▶ **Task directions**: Where the records below have a line with "subst", that line is to be copied.
++++
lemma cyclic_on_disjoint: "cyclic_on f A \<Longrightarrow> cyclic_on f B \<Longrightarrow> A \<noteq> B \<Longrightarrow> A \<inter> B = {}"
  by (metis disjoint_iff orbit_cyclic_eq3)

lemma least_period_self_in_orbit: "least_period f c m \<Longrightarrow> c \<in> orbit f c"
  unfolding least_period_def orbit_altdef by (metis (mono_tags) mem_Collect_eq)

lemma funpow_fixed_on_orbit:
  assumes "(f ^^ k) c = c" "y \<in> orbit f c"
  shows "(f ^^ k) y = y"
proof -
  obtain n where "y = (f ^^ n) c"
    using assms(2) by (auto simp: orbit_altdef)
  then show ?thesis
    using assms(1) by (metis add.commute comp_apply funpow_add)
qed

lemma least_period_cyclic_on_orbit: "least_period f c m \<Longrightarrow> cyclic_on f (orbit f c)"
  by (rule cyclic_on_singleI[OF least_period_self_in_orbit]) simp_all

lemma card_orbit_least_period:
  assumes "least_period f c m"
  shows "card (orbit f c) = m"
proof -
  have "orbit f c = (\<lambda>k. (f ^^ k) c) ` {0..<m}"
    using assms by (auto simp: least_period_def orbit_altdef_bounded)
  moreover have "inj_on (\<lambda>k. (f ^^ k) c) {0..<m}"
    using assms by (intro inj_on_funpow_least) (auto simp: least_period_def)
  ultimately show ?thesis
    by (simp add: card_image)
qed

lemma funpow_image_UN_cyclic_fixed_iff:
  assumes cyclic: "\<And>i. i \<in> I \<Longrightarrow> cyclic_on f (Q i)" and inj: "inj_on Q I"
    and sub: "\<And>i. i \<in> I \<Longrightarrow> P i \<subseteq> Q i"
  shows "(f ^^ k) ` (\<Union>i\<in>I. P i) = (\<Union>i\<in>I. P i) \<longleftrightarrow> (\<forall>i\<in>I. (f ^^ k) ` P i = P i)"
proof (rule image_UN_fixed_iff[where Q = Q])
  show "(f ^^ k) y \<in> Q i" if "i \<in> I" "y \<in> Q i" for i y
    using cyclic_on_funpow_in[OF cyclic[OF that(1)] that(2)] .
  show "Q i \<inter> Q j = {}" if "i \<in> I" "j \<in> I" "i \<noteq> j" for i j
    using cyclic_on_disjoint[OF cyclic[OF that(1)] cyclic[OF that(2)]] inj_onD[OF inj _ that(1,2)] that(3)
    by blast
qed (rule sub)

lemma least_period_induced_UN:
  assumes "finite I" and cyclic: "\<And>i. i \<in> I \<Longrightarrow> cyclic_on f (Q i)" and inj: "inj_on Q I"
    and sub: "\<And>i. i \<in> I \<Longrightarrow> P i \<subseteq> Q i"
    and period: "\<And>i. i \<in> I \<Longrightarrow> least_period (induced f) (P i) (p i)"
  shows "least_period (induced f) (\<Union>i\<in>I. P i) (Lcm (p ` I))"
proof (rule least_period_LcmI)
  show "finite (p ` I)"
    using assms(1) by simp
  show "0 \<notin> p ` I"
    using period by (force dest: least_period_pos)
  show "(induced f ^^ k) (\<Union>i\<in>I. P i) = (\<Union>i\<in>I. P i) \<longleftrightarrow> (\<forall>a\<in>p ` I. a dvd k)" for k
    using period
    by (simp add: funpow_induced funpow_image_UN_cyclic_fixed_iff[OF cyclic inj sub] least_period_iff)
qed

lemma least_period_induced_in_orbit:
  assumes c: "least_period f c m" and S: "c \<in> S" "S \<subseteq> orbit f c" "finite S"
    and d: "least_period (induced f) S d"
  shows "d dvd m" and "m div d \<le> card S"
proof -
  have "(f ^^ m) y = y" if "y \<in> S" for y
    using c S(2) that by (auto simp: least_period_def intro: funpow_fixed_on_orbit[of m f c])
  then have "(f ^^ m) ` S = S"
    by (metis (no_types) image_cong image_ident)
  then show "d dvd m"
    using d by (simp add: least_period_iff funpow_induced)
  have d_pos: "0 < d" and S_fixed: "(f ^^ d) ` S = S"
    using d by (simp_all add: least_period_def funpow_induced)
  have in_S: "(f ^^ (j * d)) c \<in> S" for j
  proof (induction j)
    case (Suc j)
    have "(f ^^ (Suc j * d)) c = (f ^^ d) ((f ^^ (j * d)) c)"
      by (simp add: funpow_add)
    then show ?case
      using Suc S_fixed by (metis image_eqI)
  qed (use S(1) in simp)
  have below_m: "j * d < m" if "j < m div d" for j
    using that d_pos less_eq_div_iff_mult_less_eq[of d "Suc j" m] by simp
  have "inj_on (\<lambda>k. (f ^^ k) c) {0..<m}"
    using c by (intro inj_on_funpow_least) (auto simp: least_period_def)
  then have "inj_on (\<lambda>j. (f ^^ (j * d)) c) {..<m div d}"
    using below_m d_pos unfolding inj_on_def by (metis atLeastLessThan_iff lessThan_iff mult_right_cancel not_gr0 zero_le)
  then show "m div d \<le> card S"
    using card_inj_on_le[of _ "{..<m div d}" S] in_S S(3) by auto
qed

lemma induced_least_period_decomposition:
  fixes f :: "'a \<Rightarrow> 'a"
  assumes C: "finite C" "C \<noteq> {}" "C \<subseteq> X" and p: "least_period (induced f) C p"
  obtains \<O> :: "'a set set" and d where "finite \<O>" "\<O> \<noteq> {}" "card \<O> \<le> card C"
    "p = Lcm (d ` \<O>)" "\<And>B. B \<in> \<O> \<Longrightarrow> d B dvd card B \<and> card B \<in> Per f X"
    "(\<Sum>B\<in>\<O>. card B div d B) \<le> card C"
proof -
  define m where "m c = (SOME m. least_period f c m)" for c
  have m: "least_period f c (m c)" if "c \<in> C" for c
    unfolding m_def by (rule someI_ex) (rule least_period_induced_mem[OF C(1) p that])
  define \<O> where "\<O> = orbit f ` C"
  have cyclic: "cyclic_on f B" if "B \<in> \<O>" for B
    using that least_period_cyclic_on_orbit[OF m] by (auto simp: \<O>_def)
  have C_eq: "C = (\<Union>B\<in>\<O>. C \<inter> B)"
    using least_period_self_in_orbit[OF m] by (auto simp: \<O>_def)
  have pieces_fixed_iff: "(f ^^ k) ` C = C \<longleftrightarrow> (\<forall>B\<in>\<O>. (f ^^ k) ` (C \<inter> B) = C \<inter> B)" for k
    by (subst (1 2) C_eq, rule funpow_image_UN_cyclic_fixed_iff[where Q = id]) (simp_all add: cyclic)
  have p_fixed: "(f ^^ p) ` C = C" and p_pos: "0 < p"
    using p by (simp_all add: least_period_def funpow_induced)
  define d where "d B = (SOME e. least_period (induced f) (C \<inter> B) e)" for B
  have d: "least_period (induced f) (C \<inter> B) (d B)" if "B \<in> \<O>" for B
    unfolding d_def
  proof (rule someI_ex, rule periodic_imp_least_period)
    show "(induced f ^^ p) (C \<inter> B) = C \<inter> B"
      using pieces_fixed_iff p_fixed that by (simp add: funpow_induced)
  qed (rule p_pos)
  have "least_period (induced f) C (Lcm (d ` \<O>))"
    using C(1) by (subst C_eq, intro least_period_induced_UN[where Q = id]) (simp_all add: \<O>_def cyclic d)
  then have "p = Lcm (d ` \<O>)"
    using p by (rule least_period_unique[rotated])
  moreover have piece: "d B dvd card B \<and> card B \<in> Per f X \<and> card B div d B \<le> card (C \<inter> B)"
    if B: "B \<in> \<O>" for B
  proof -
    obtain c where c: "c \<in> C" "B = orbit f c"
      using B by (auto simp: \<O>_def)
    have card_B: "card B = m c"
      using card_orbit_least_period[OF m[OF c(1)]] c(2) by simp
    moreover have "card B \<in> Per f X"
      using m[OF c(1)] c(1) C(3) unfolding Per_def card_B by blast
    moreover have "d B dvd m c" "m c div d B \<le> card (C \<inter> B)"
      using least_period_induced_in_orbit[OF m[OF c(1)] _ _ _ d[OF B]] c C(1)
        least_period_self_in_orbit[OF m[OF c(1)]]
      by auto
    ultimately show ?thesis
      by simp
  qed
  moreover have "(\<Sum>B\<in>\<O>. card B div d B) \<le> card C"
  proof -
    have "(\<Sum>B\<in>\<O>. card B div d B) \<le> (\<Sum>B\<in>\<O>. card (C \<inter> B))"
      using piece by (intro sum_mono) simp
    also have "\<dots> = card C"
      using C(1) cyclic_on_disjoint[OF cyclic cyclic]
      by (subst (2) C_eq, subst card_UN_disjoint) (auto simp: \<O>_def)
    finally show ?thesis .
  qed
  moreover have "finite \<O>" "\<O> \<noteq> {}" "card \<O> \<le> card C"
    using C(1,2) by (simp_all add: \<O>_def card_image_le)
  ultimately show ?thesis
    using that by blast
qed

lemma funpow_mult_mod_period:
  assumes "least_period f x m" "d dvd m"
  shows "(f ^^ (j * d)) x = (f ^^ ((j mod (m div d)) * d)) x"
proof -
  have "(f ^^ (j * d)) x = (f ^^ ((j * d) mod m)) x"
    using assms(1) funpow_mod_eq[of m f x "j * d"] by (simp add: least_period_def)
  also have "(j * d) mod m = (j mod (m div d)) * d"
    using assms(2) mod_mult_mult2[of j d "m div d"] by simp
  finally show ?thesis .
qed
++++
▶ **Answer to the problem**:
    by (subst (1 2) C_eq, rule funpow_image_UN_cyclic_fixed_iff[where Q = id]) (simp_all add: cyclic)
    using C(1) by (subst C_eq, intro least_period_induced_UN[where Q = id]) (simp_all add: \<O>_def cyclic d)
      by (subst (2) C_eq, subst card_UN_disjoint) (auto simp: \<O>_def)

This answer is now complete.